┌──

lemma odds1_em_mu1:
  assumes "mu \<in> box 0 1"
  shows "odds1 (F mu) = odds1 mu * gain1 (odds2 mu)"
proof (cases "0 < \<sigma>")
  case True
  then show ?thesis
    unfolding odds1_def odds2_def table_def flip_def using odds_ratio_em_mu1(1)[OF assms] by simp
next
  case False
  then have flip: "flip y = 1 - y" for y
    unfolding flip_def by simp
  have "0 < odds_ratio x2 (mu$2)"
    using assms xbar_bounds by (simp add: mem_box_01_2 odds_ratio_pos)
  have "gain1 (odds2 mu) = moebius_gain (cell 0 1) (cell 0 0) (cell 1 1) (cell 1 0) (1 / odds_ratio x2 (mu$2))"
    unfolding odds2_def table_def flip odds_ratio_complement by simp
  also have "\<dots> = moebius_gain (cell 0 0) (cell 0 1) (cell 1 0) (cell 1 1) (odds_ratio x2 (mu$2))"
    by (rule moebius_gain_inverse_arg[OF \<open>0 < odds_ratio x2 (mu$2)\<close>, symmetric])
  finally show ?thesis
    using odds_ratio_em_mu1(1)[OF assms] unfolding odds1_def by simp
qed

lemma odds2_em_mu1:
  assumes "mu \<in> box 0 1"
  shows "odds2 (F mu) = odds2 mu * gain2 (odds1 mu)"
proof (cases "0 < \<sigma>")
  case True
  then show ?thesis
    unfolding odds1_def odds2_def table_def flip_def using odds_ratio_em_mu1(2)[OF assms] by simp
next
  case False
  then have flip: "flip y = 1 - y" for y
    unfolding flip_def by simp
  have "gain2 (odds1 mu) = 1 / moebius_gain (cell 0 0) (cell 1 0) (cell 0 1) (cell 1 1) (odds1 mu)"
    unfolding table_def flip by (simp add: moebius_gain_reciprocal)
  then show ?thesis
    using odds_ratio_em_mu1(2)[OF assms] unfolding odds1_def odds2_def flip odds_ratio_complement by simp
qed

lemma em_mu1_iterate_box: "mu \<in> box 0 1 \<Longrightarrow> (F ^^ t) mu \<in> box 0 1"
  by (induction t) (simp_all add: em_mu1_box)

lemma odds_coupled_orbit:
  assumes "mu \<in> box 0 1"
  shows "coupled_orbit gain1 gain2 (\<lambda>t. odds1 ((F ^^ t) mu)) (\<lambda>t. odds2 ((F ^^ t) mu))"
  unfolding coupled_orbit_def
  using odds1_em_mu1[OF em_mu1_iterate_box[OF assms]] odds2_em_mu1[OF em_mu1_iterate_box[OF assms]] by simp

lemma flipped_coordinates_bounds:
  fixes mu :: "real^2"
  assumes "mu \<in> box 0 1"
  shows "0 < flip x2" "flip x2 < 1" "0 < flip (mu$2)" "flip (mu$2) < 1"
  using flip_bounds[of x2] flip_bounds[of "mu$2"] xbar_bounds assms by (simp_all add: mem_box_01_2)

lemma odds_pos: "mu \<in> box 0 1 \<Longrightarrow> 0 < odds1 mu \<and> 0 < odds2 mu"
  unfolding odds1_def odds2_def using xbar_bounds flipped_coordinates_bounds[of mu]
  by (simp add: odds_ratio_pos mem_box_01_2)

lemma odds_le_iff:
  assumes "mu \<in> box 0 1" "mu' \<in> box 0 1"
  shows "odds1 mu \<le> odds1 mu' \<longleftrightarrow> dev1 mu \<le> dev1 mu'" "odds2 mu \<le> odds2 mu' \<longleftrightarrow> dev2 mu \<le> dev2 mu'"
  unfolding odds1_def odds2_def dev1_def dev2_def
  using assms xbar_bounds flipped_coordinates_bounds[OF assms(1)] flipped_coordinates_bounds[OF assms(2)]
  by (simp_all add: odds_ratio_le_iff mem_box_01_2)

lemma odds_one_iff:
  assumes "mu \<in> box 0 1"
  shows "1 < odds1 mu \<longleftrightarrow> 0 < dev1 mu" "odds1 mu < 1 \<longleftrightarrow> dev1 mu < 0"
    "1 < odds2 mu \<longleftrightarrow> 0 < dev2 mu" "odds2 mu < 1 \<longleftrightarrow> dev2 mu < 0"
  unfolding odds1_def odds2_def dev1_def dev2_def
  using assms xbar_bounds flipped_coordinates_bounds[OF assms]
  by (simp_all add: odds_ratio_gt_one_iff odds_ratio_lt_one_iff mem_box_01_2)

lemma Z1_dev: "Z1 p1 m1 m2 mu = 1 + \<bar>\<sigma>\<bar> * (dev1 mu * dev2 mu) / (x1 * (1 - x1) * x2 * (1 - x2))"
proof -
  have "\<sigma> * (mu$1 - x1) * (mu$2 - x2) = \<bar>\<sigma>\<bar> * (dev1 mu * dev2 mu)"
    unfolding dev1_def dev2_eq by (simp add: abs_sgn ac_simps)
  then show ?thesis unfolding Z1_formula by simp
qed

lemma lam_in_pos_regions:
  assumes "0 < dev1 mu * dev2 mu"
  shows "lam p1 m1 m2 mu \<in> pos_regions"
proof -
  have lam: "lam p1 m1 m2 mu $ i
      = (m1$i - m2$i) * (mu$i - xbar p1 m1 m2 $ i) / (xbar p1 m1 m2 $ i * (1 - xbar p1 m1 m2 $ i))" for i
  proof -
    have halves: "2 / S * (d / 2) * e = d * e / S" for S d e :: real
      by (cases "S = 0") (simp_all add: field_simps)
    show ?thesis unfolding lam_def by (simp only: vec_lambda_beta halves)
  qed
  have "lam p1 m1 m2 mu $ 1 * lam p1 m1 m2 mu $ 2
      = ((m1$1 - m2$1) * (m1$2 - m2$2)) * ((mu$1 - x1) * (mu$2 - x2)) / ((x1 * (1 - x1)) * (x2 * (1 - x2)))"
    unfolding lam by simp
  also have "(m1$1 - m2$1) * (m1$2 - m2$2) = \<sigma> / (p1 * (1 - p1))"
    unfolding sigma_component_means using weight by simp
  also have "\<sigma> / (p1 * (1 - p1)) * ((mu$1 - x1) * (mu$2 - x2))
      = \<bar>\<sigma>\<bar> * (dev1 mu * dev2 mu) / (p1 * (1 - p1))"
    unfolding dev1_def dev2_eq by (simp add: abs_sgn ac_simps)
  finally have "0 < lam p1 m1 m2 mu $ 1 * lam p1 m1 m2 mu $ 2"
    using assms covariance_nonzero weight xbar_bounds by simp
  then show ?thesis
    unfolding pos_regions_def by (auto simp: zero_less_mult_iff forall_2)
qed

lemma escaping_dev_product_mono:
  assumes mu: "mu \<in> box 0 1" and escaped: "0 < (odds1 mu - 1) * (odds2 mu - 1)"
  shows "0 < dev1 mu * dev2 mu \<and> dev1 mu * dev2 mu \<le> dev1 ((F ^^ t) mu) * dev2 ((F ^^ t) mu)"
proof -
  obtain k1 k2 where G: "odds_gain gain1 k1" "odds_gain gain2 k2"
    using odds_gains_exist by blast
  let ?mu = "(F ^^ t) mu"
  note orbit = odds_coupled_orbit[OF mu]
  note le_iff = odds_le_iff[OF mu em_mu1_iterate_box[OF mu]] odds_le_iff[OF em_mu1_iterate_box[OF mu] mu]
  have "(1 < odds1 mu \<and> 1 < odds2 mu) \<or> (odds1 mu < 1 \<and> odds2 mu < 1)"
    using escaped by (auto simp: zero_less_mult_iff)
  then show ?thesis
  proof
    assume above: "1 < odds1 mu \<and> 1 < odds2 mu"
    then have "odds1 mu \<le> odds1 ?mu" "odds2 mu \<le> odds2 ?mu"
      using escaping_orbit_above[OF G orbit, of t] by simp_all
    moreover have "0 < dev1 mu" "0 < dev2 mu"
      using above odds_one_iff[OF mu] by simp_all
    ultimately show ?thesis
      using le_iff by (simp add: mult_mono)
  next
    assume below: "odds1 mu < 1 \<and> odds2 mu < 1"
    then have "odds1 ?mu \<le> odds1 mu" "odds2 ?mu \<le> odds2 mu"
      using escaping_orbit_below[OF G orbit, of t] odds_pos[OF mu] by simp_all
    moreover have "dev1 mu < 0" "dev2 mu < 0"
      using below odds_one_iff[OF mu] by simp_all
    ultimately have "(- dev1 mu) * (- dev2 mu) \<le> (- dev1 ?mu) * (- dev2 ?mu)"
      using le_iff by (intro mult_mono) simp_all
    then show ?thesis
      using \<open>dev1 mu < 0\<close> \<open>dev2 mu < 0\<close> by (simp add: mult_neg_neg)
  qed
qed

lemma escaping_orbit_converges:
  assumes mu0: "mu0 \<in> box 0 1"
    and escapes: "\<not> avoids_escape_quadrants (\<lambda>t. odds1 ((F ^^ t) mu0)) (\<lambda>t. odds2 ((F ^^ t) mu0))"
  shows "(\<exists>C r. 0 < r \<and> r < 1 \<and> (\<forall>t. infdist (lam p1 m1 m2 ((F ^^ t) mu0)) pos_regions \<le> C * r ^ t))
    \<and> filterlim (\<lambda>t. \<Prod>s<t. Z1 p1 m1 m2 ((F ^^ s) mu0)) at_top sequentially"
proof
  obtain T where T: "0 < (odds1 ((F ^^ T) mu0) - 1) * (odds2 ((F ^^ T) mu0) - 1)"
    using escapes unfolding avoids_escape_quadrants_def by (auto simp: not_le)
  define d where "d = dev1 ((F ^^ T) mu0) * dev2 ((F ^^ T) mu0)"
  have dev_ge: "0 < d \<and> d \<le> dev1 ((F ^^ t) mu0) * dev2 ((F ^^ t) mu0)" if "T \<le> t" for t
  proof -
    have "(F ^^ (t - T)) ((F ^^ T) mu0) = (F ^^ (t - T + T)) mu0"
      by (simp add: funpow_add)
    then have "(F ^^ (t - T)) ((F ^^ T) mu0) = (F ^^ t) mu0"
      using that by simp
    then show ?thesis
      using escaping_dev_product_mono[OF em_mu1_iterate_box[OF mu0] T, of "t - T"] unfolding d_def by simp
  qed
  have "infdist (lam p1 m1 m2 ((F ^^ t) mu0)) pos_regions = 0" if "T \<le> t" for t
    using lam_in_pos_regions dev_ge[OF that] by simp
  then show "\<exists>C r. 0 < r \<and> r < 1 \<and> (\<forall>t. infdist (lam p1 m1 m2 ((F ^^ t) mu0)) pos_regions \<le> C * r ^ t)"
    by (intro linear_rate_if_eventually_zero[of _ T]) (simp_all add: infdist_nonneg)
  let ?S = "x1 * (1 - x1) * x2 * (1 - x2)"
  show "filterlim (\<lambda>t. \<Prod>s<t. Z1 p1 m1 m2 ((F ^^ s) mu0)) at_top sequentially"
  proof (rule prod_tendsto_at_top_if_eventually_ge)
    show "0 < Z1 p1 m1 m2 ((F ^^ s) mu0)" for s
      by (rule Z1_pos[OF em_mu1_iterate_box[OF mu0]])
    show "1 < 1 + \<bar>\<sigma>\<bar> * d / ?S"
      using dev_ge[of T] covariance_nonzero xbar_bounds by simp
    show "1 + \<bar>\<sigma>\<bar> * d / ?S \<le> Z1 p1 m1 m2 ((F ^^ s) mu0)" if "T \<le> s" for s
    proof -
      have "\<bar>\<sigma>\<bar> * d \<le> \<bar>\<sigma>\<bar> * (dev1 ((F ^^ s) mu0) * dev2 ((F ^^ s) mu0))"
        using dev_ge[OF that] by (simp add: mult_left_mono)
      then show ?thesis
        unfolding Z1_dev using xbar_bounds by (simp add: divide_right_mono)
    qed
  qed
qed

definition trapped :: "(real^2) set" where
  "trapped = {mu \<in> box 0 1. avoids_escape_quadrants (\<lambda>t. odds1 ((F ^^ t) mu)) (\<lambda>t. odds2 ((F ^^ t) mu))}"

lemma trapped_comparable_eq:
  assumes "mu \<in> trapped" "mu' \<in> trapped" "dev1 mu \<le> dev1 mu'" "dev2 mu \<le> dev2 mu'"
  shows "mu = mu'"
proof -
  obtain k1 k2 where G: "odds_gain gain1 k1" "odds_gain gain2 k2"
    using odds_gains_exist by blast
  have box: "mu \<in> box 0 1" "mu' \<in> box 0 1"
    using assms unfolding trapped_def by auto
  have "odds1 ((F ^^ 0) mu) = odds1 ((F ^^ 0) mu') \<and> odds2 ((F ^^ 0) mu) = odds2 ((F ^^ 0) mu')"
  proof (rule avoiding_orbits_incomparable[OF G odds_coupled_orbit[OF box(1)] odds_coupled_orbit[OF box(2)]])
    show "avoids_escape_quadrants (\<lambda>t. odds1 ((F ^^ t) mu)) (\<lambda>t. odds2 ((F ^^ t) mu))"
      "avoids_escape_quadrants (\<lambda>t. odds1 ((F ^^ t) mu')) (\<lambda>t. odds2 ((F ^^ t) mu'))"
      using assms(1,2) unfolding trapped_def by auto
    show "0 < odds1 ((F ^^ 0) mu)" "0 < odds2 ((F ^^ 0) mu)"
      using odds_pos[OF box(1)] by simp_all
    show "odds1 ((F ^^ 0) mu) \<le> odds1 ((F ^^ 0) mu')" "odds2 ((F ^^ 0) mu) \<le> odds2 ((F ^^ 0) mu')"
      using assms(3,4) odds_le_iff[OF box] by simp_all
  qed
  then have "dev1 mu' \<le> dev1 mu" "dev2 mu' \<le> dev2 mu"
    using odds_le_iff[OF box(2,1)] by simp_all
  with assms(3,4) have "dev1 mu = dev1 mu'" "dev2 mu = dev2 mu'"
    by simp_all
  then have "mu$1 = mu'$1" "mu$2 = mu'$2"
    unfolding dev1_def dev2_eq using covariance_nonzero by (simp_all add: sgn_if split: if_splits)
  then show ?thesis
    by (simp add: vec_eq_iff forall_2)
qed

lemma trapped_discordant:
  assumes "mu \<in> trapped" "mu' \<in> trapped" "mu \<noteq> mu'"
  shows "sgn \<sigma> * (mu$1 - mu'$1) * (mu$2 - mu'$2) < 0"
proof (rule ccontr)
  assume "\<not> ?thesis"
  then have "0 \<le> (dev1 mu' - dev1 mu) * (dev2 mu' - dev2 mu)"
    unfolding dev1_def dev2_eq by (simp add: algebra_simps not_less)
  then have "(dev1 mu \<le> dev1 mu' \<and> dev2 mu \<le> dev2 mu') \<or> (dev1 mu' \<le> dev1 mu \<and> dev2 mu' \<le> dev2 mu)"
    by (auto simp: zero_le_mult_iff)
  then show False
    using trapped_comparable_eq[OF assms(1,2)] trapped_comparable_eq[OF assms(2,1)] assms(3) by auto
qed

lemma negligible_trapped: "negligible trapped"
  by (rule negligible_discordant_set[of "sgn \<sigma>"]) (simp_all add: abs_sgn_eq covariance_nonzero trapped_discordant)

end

└──

Exercise instructions:
Please write out, exactly as they appear above, only the lines in the stretch from the line with "mu0) = (F ^^ (t" through the line with "using escaping_dev_product_mono[OF em_mu1_iterate_box[OF".

Your solution:
    have "(F ^^ (t - T)) ((F ^^ T) mu0) = (F ^^ (t - T + T)) mu0"
      by (simp add: funpow_add)
    then have "(F ^^ (t - T)) ((F ^^ T) mu0) = (F ^^ t) mu0"
      using that by simp
    then show ?thesis
      using escaping_dev_product_mono[OF em_mu1_iterate_box[OF mu0] T, of "t - T"] unfolding d_def by simp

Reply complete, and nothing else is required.